→ Extracted data:
lemma QA_pool_exposure:
  fixes ps :: "'m::finite \<Rightarrow> real ^ 'n"
  assumes psD: "\<forall>i. ps i \<in> D" and w: "w \<in> prob_simplex"
  shows QA_pool_in_domain: "QA_pool D g ps w \<in> D"
    and exposure_QA_pool: "g (QA_pool D g ps w) = (\<Sum>i\<in>UNIV. w $ i *\<^sub>R g (ps i))"
proof -
  define u where "u = (\<Sum>i\<in>UNIV. w $ i *\<^sub>R g (ps i))"
  have "u \<in> g ` D"
    unfolding u_def using w psD
    by (intro convex_sum[OF _ cexp]) (auto simp: prob_simplex_def)
  then obtain q where q: "q \<in> D" "g q = u"
    by auto
  have sum_g: "(\<Sum>k\<in>UNIV. g p $ k) = 0" if "p \<in> D" for p
    using exp that by (simp add: exposure_function_def)
  have "(\<Sum>k\<in>UNIV. u $ k) = (\<Sum>k\<in>UNIV. \<Sum>i\<in>UNIV. w $ i * g (ps i) $ k)"
    by (simp add: u_def sum_component)
  also have "\<dots> = (\<Sum>i\<in>UNIV. w $ i * (\<Sum>k\<in>UNIV. g (ps i) $ k))"
    by (subst sum.swap) (simp add: sum_distrib_left)
  finally have sum_u: "(\<Sum>k\<in>UNIV. u $ k) = 0"
    using sum_g psD by simp
  have "QA_pool D g ps w = q"
    unfolding QA_pool_def u_def[symmetric]
  proof (rule the_equality)
    fix y assume "y \<in> D \<and> (\<exists>c. g y = u + c *\<^sub>R ones)"
    then obtain c where "y \<in> D" and gy: "g y = u + c *\<^sub>R ones"
      by auto
    have "(\<Sum>k\<in>UNIV. g y $ k) = (\<Sum>k\<in>UNIV. u $ k) + c * real CARD('n)"
      by (simp add: gy ones_def sum.distrib)
    then have "c = 0"
      using sum_g[OF \<open>y \<in> D\<close>] sum_u by simp
    then show "y = q"
      using exposure_function_inj_on[OF dom proper cont exp] \<open>y \<in> D\<close> q gy
      by (auto dest: inj_onD)
  qed (use q in \<open>auto intro!: exI[of _ 0]\<close>)
  then show "QA_pool D g ps w \<in> D" "g (QA_pool D g ps w) = u"
    using q by simp_all
qed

→ Exercise instructions: The number of lines in the data that hold "obtain" must be the entire answer.

→ Answer for the task: 2